Data for analysis:
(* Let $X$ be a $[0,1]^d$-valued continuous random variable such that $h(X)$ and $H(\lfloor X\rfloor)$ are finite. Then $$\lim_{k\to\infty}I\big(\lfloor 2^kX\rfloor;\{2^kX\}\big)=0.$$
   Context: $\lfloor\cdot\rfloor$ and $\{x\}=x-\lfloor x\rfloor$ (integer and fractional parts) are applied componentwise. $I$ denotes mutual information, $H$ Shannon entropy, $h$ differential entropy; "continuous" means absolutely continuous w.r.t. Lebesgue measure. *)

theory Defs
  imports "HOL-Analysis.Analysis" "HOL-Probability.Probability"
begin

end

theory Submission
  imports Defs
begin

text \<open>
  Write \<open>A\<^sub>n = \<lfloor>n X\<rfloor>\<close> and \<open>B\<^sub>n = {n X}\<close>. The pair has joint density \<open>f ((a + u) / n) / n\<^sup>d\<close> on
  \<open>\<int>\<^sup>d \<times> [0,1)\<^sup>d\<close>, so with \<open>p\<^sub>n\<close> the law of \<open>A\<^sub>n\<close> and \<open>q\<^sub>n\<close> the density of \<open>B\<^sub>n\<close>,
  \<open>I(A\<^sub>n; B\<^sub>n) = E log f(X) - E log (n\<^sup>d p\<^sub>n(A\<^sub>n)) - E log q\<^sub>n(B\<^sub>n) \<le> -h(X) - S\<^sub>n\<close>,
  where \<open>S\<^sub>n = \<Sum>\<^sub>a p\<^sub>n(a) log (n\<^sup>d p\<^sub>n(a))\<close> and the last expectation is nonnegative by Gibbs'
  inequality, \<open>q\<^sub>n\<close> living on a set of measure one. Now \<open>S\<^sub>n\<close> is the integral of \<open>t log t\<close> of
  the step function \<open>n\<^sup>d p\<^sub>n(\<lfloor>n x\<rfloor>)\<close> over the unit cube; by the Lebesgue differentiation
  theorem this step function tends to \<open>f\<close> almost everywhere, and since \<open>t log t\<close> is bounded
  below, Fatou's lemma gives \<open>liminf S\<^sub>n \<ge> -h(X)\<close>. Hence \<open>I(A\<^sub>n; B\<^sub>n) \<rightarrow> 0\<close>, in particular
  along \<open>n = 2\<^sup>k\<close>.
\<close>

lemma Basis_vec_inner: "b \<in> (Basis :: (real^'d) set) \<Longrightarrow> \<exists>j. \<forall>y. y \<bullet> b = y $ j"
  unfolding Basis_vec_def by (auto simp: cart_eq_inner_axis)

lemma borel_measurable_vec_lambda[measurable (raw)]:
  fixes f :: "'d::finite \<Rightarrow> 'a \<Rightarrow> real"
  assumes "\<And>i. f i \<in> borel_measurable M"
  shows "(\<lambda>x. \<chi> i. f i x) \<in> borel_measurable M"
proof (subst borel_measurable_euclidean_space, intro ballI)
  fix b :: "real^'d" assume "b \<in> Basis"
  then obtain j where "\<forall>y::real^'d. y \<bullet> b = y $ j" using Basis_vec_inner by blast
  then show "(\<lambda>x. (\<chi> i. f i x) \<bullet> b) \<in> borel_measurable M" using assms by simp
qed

--

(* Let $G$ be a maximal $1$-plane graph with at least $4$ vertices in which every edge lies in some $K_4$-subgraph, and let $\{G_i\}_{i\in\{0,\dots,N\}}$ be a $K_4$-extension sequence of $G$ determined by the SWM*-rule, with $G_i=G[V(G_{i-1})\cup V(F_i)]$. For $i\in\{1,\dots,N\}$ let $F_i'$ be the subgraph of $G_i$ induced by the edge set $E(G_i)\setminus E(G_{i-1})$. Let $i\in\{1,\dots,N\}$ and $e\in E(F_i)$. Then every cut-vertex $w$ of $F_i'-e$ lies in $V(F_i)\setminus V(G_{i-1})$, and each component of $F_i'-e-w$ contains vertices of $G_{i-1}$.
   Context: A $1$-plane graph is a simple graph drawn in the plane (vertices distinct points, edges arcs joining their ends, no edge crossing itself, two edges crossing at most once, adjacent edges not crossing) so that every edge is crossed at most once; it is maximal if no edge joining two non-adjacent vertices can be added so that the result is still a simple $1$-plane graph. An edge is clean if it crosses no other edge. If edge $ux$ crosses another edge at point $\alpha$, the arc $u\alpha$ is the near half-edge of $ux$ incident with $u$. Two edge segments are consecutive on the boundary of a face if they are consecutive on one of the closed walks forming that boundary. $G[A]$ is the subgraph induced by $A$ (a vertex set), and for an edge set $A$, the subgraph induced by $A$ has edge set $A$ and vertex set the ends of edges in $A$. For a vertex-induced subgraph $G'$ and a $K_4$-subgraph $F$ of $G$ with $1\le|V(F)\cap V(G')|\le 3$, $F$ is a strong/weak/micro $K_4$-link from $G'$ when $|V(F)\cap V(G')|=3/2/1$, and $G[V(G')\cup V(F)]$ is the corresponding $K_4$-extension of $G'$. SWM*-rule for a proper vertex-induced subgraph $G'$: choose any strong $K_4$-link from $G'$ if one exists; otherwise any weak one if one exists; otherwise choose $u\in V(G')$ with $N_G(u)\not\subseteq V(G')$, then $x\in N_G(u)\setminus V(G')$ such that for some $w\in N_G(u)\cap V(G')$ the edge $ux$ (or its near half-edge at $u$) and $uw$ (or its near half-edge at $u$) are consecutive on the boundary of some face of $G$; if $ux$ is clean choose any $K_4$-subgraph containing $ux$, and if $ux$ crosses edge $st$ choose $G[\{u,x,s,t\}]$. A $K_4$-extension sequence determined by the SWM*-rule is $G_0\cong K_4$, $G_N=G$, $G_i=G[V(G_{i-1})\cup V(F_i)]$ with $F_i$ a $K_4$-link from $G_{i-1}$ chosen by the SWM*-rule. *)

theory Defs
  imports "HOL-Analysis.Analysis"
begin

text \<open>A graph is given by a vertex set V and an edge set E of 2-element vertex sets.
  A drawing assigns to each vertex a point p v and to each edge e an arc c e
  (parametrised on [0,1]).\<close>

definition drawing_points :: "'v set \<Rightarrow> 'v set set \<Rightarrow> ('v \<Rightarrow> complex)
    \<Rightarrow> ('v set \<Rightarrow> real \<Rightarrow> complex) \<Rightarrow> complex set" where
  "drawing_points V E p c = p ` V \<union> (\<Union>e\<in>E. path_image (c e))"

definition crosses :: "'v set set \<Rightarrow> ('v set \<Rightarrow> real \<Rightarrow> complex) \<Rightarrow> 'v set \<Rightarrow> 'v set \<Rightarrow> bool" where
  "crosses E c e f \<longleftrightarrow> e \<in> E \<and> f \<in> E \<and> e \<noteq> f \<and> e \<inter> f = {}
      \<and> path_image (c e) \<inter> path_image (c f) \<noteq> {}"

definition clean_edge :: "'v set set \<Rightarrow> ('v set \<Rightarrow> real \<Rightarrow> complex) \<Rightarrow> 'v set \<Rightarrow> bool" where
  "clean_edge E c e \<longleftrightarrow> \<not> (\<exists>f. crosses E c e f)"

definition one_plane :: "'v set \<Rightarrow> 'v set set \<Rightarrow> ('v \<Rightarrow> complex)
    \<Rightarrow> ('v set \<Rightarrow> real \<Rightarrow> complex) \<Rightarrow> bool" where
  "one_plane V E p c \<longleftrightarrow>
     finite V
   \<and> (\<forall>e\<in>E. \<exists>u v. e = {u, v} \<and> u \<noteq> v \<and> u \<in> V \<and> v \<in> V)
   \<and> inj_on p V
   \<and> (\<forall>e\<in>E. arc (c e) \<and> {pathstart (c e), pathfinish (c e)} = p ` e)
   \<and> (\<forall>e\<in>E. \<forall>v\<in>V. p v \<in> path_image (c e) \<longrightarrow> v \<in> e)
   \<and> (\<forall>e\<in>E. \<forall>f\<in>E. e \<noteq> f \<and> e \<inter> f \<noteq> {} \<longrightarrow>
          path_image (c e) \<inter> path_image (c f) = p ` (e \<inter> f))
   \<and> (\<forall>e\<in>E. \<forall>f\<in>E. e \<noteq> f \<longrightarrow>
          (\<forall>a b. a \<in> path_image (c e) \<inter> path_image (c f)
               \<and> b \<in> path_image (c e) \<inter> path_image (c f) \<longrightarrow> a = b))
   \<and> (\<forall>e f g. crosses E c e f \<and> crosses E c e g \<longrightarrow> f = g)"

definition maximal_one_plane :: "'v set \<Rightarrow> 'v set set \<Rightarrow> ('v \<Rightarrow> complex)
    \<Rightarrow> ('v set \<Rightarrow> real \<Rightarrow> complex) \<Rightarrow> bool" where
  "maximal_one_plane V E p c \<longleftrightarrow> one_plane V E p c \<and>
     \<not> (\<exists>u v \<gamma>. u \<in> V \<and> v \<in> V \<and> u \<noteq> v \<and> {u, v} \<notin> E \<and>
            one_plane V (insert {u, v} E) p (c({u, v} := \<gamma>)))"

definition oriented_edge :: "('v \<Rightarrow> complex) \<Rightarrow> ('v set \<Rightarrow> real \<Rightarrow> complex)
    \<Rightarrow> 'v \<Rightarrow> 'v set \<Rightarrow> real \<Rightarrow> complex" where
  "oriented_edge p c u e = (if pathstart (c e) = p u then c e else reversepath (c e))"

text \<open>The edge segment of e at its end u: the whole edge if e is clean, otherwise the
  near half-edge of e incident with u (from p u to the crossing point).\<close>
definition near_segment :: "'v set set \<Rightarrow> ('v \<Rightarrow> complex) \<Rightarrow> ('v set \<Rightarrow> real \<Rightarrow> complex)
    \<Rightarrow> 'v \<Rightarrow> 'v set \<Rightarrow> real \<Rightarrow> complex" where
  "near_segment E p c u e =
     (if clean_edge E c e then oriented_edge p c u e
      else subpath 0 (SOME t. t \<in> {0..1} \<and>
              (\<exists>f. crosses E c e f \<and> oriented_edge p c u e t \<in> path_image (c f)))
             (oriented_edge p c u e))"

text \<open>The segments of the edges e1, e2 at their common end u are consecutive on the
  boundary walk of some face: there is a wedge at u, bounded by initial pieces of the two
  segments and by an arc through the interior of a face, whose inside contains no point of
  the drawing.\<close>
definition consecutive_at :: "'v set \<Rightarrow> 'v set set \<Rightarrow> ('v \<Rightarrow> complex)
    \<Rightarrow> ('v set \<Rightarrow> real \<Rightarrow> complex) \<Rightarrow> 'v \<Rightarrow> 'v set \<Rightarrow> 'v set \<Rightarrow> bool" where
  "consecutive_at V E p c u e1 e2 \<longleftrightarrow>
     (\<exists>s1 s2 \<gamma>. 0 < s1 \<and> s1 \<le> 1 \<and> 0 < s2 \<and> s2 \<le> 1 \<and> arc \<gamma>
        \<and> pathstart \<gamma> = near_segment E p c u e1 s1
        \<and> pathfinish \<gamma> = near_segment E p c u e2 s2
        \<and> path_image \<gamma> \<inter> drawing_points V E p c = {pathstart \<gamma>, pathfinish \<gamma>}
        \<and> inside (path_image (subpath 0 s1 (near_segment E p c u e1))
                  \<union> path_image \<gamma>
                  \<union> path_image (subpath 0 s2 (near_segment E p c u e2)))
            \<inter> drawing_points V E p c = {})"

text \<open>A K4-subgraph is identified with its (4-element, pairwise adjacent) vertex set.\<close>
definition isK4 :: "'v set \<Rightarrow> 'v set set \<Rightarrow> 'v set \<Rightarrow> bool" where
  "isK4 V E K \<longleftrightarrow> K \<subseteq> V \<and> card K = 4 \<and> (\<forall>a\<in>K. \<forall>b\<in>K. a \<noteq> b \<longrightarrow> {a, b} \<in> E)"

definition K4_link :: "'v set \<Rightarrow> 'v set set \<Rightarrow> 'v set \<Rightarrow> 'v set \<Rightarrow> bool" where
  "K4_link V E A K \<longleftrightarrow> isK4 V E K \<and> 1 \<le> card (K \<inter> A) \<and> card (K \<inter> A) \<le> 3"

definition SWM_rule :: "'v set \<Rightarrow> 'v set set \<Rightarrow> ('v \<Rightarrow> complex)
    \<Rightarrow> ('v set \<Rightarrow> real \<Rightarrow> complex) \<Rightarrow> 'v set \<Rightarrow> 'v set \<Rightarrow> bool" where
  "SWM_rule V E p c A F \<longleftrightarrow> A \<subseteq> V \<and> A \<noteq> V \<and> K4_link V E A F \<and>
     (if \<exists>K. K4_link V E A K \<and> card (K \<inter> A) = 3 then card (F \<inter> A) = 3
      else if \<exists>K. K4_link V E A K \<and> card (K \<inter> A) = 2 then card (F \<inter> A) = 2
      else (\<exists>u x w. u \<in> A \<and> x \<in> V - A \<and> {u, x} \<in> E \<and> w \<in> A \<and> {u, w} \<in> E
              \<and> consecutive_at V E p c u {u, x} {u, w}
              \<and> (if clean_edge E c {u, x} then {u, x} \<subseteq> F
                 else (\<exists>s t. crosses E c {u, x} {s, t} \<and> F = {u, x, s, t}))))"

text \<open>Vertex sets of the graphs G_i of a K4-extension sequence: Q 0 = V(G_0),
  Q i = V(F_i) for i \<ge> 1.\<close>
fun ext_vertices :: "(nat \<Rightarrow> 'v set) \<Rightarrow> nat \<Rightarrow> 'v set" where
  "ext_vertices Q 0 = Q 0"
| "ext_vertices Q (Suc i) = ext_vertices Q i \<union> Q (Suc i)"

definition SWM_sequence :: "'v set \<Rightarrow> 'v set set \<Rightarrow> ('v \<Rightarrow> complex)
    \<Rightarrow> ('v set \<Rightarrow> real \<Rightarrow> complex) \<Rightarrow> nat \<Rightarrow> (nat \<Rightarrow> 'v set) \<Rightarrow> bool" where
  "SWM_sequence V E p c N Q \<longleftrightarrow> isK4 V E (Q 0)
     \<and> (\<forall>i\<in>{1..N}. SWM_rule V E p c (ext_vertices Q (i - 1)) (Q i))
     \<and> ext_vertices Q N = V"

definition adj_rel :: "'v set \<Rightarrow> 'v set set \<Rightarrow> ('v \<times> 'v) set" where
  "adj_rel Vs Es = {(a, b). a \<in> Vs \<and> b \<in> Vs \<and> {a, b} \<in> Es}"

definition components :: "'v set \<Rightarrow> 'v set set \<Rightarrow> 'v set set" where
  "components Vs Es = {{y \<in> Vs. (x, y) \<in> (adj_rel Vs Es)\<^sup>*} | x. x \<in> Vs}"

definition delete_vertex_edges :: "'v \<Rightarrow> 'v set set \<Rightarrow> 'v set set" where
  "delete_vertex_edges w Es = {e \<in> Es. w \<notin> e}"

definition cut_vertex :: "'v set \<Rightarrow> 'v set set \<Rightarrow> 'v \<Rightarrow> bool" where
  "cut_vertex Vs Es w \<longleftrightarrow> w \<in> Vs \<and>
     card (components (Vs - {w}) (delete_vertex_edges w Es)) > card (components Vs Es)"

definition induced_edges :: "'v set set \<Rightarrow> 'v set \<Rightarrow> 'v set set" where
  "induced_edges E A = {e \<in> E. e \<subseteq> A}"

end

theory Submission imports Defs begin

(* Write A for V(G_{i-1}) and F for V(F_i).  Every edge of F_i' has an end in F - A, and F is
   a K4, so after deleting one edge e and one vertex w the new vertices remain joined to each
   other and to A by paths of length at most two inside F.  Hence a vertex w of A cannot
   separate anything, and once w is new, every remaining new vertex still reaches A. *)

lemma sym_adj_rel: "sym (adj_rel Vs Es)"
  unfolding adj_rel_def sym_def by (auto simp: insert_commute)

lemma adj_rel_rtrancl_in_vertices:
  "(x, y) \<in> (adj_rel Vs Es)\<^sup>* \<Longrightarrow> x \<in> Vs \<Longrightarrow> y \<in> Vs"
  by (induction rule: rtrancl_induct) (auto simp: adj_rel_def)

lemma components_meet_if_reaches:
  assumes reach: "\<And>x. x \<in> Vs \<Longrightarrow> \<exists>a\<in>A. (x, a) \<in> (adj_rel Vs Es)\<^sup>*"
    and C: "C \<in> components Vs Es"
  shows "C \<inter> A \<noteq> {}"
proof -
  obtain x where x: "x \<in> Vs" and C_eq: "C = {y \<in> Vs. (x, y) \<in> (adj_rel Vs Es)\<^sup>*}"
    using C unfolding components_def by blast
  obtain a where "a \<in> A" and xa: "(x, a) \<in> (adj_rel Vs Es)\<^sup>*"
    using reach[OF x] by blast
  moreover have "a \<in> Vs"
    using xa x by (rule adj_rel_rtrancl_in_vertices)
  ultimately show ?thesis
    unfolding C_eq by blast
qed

Work required: Beginning at the line above with "(* Let $X$ be" and finishing at the line with "Write \<open>A\<^sub>n = \<lfloor>n", return each line exactly and return nothing else.

Written solution:
(* Let $X$ be a $[0,1]^d$-valued continuous random variable such that $h(X)$ and $H(\lfloor X\rfloor)$ are finite. Then $$\lim_{k\to\infty}I\big(\lfloor 2^kX\rfloor;\{2^kX\}\big)=0.$$
   Context: $\lfloor\cdot\rfloor$ and $\{x\}=x-\lfloor x\rfloor$ (integer and fractional parts) are applied componentwise. $I$ denotes mutual information, $H$ Shannon entropy, $h$ differential entropy; "continuous" means absolutely continuous w.r.t. Lebesgue measure. *)

theory Defs
  imports "HOL-Analysis.Analysis" "HOL-Probability.Probability"
begin

end

theory Submission
  imports Defs
begin

text \<open>
  Write \<open>A\<^sub>n = \<lfloor>n X\<rfloor>\<close> and \<open>B\<^sub>n = {n X}\<close>. The pair has joint density \<open>f ((a + u) / n) / n\<^sup>d\<close> on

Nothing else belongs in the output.